Swin-Transformer
Swin-Transformer copied to clipboard
Load single-GPU trained parameters to multi-GPU inference (SwinMoE)
Hello.
I'm trying to upload a single-GPU trained SwinMoE model to multi-GPU (4) inference.
I'm adopting 8 experts for an MoE layer.
It seems that my checkpoint file has all parameters for 8 MoE layers at once, but each GPU requires 2 MoE layers' parameters, so there's a mismatch.
Is there any way to fix it? or just re-training for 4 GPUs?
Here's the code.
Traceback (most recent call last):
File "main_moe.py", line 367, in <module>
main(config)
File "main_moe.py", line 139, in main
max_accuracy = load_checkpoint(config, model_without_ddp, optimizer, lr_scheduler, loss_scaler, logger)

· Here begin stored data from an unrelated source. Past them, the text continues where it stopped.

(* Let $(H,\partial)$ be a right (respectively extended) Cartan–Eilenberg system. The right couple $(A'',E^1)$ converges conditionally to the limit, i.e. $\operatorname{colim}_sH(s,\infty)=0$, if and only if the canonical map $\bar\eta\colon\operatorname{colim}_jH(i,j)\to H(i,\infty)$ is an isomorphism for some $i\in\mathbb{Z}$ (respectively some $i\in\mathbb{Z}\cup\{-\infty\}$); in that case it is an isomorphism for every $i\in\mathbb{Z}$ (respectively every $i\in\mathbb{Z}\cup\{-\infty\}$).
   Context: Let $\mathcal{A}$ be the category of $\mathbb{Z}$-graded $R$-modules. For a linearly ordered set $\mathcal{I}$, an $\mathcal{I}$-system $(H,\partial)$ consists of objects $H(i,j)$ for $i\le j$ in $\mathcal{I}$, functorial morphisms $\eta\colon H(i,j)\to H(i',j')$ (internal degree $0$) for $i\le i'$, $j\le j'$, and natural morphisms $\partial\colon H(j,k)\to H(i,j)$ (internal degree $-1$) for $i\le j\le k$, with $H(i,j)\xrightarrow{\eta}H(i,k)\xrightarrow{\eta}H(j,k)\xrightarrow{\partial}H(i,j)$ exact at each vertex. A right Cartan–Eilenberg system is a $(\mathbb{Z}\cup\{+\infty\})$-system; an extended Cartan–Eilenberg system is a $(\mathbb{Z}\cup\{\pm\infty\})$-system ($\pm\infty$ greatest/least elements). Right couple: $A''_s=H(s,\infty)$, $E^1_s=H(s-1,s)$, $\alpha_s=\eta$, $\beta_s=\partial\colon H(s,\infty)\to H(s-1,s)$, $\gamma_s=\eta\colon H(s-1,s)\to H(s-1,\infty)$. An exact couple converges conditionally to the limit if $\operatorname{colim}_sA_s=0$. The colimit $\operatorname{colim}_jH(i,j)$ is over integers $j\to\infty$ along $\eta$, and $\bar\eta$ is induced by $\eta\colon H(i,j)\to H(i,\infty)$. *)

theory Defs
  imports Main
begin

datatype ext = NegInf | Fin int | PosInf

instantiation ext :: linorder
begin

fun less_eq_ext :: "ext \<Rightarrow> ext \<Rightarrow> bool" where
  "less_eq_ext NegInf y = True"
| "less_eq_ext (Fin a) NegInf = False"
| "less_eq_ext (Fin a) (Fin b) = (a \<le> b)"
| "less_eq_ext (Fin a) PosInf = True"
| "less_eq_ext PosInf y = (y = PosInf)"

definition less_ext :: "ext \<Rightarrow> ext \<Rightarrow> bool" where
  "less_ext x y = (x \<le> y \<and> \<not> y \<le> x)"
(* Let $X$ be a compactum, let $n\geq2$, and let $f:X\to X$ be a function. Consider the statements: (1) $f$ is $TT_{++}$; (2) $F_n(f)$ is $TT_{++}$; (3) $SF_n(f)$ is $TT_{++}$. Then (2) and (3) are equivalent and (2) implies (1). Moreover, (1) does not imply (2) in general: there exist such $X$, $n$, $f$ with $f$ being $TT_{++}$ but $F_n(f)$ not $TT_{++}$.
   Context: A compactum is a nondegenerate compact, perfect, Hausdorff topological space. $F_n(X)$ is the set of nonempty subsets of $X$ with at most $n$ points, with the Vietoris topology; $F_1(X)=\{\{x\}:x\in X\}$; $F_n(f)(A)=f(A)$. $SF_n(X)=F_n(X)/F_1(X)$ is the quotient collapsing $F_1(X)$ to a point, $q$ the quotient map, $F_X=q(F_1(X))$, and $SF_n(f)(\chi)=q(F_n(f)(q^{-1}(\chi)))$ for $\chi\neq F_X$, $SF_n(f)(F_X)=F_X$. A function $g:Z\to Z$ is $TT_{++}$ if for every pair of nonempty open $U,V\subseteq Z$ the set $\{k\in\mathbb{N}: U\cap g^{-k}(V)\neq\emptyset\}$ is infinite. *)

theory Defs
  imports "HOL-Analysis.Analysis"
begin

definition compactum :: "'a topology \<Rightarrow> bool" where
  "compactum X \<longleftrightarrow> compact_space X \<and> Hausdorff_space X \<and>
     (\<forall>x\<in>topspace X. \<not> openin X {x}) \<and> (\<exists>x\<in>topspace X. \<exists>y\<in>topspace X. x \<noteq> y)"

definition TTpp :: "'a topology \<Rightarrow> ('a \<Rightarrow> 'a) \<Rightarrow> bool" where
  "TTpp Z g \<longleftrightarrow> (\<forall>U V. openin Z U \<longrightarrow> openin Z V \<longrightarrow> U \<noteq> {} \<longrightarrow> V \<noteq> {} \<longrightarrow>
      infinite {k::nat. U \<inter> {x \<in> topspace Z. (g ^^ k) x \<in> V} \<noteq> {}})"

definition Fn_set :: "'a topology \<Rightarrow> nat \<Rightarrow> 'a set set" where
  "Fn_set X n = {A. A \<subseteq> topspace X \<and> A \<noteq> {} \<and> finite A \<and> card A \<le> n}"

definition Fn :: "'a topology \<Rightarrow> nat \<Rightarrow> 'a set topology" where
  "Fn X n = topology_generated_by
     ({{A \<in> Fn_set X n. A \<subseteq> U} | U. openin X U} \<union>
      {{A \<in> Fn_set X n. A \<inter> U \<noteq> {}} | U. openin X U})"

definition Fn_map :: "('a \<Rightarrow> 'a) \<Rightarrow> 'a set \<Rightarrow> 'a set" where
  "Fn_map f A = f ` A"

text \<open>F_1(X), which is also the collapsed point F_X of SF_n(X).\<close>
definition F1_set :: "'a topology \<Rightarrow> 'a set set" where
  "F1_set X = {{x} | x. x \<in> topspace X}"

text \<open>Quotient map: points of SF_n(X) are the equivalence classes.\<close>
definition SFq :: "'a topology \<Rightarrow> 'a set \<Rightarrow> 'a set set" where
  "SFq X A = (if A \<in> F1_set X then F1_set X else {A})"

definition SFn :: "'a topology \<Rightarrow> nat \<Rightarrow> 'a set set topology" where
  "SFn X n = topology (\<lambda>W. W \<subseteq> SFq X ` topspace (Fn X n) \<and>
                         openin (Fn X n) {A \<in> topspace (Fn X n). SFq X A \<in> W})"

definition SFn_map :: "'a topology \<Rightarrow> ('a \<Rightarrow> 'a) \<Rightarrow> 'a set set \<Rightarrow> 'a set set" where
  "SFn_map X f c = (if c = F1_set X then F1_set X
                     else SFq X (Fn_map f (the_elem c)))"

lemma istopology_SFn:
  "istopology (\<lambda>W. W \<subseteq> SFq X ` topspace (Fn X n) \<and>
                   openin (Fn X n) {A \<in> topspace (Fn X n). SFq X A \<in> W})"
  unfolding istopology_def
proof (rule conjI; intro allI impI)
  fix S T assume S: "S \<subseteq> SFq X ` topspace (Fn X n) \<and> openin (Fn X n) {A \<in> topspace (Fn X n). SFq X A \<in> S}"
    and T: "T \<subseteq> SFq X ` topspace (Fn X n) \<and> openin (Fn X n) {A \<in> topspace (Fn X n). SFq X A \<in> T}"
  have eq: "{A \<in> topspace (Fn X n). SFq X A \<in> S \<inter> T} =
     {A \<in> topspace (Fn X n). SFq X A \<in> S} \<inter> {A \<in> topspace (Fn X n). SFq X A \<in> T}" by blast
  show "S \<inter> T \<subseteq> SFq X ` topspace (Fn X n) \<and>
     openin (Fn X n) {A \<in> topspace (Fn X n). SFq X A \<in> S \<inter> T}"
  proof
    show "S \<inter> T \<subseteq> SFq X ` topspace (Fn X n)" using S by blast
    show "openin (Fn X n) {A \<in> topspace (Fn X n). SFq X A \<in> S \<inter> T}"
      unfolding eq using S T by (intro openin_Int) blast+
  qed
next
  fix K assume K: "\<forall>W\<in>K. W \<subseteq> SFq X ` topspace (Fn X n) \<and>
      openin (Fn X n) {A \<in> topspace (Fn X n). SFq X A \<in> W}"
  have eq: "{A \<in> topspace (Fn X n). SFq X A \<in> \<Union>K} =
      \<Union>((\<lambda>W. {A \<in> topspace (Fn X n). SFq X A \<in> W}) ` K)" by blast
  show "\<Union>K \<subseteq> SFq X ` topspace (Fn X n) \<and>
     openin (Fn X n) {A \<in> topspace (Fn X n). SFq X A \<in> \<Union>K}"
  proof
    show "\<Union>K \<subseteq> SFq X ` topspace (Fn X n)" using K by blast
    show "openin (Fn X n) {A \<in> topspace (Fn X n). SFq X A \<in> \<Union>K}"
      unfolding eq using K by (intro openin_Union) blast
  qed
qed

end

theory Submission
  imports Defs
begin

text \<open>
  Testing TT++ of F_n(f) on the open sets of subsets of U and of subsets of V gives TT++ of f.
  The quotient map q : F_n(X) -> SF_n(X) is continuous, onto, and semiconjugates F_n(f) to
  SF_n(f), so TT++ passes from F_n(f) to SF_n(f). Conversely, for X Hausdorff and perfect,
  F_1(X) is closed and contains no nonempty open subset of F_n(X), and q is injective off
  F_1(X); hence every nonempty open subset of F_n(X) contains the preimage of a nonempty open
  subset of SF_n(X), and TT++ lifts back along q.

  For the counterexample take the irrational rotation x |-> frac (x + theta) of [0,1]. It is
  TT++ by Kronecker's theorem, but it preserves a - b modulo 1, so no iterate carries a set
  meeting both (1/5, 3/10) and (7/10, 4/5) into (2/5, 3/5).
\<close>

section \<open>Transfer of TT++ along semiconjugacies\<close>

lemma funpow_in_closed:
  assumes "f ` S \<subseteq> S" and "x \<in> S"
  shows "(f ^^ k) x \<in> S"
  by (induction k) (use assms in auto)

lemma funpow_semiconj:
  assumes "f ` S \<subseteq> S" and "\<forall>x\<in>S. q (f x) = g (q x)" and "x \<in> S"
  shows "q ((f ^^ k) x) = (g ^^ k) (q x)"
  by (induction k) (use assms funpow_in_closed[of f S] in auto)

File "/root/Swin-Transformer_ranggi/utils_moe.py", line 44, in load_checkpoint
msg = model.load_state_dict(checkpoint['model'], strict=False)
File "/opt/conda/lib/python3.8/site-packages/torch/nn/modules/module.py", line 1370, in load_state_dict
raise RuntimeError('Error(s) in loading state_dict for {}:\n\t{}'.format(
RuntimeError: Error(s) in loading state_dict for SwinTransformerMoE:
size mismatch for layers.2.blocks.1.mlp._moe_layer.experts.batched_fc1_w: copying a param with shape torch.Size([8, 2048, 512]) from checkpoint, the shape in current model is torch.Size([2, 2048, 512]).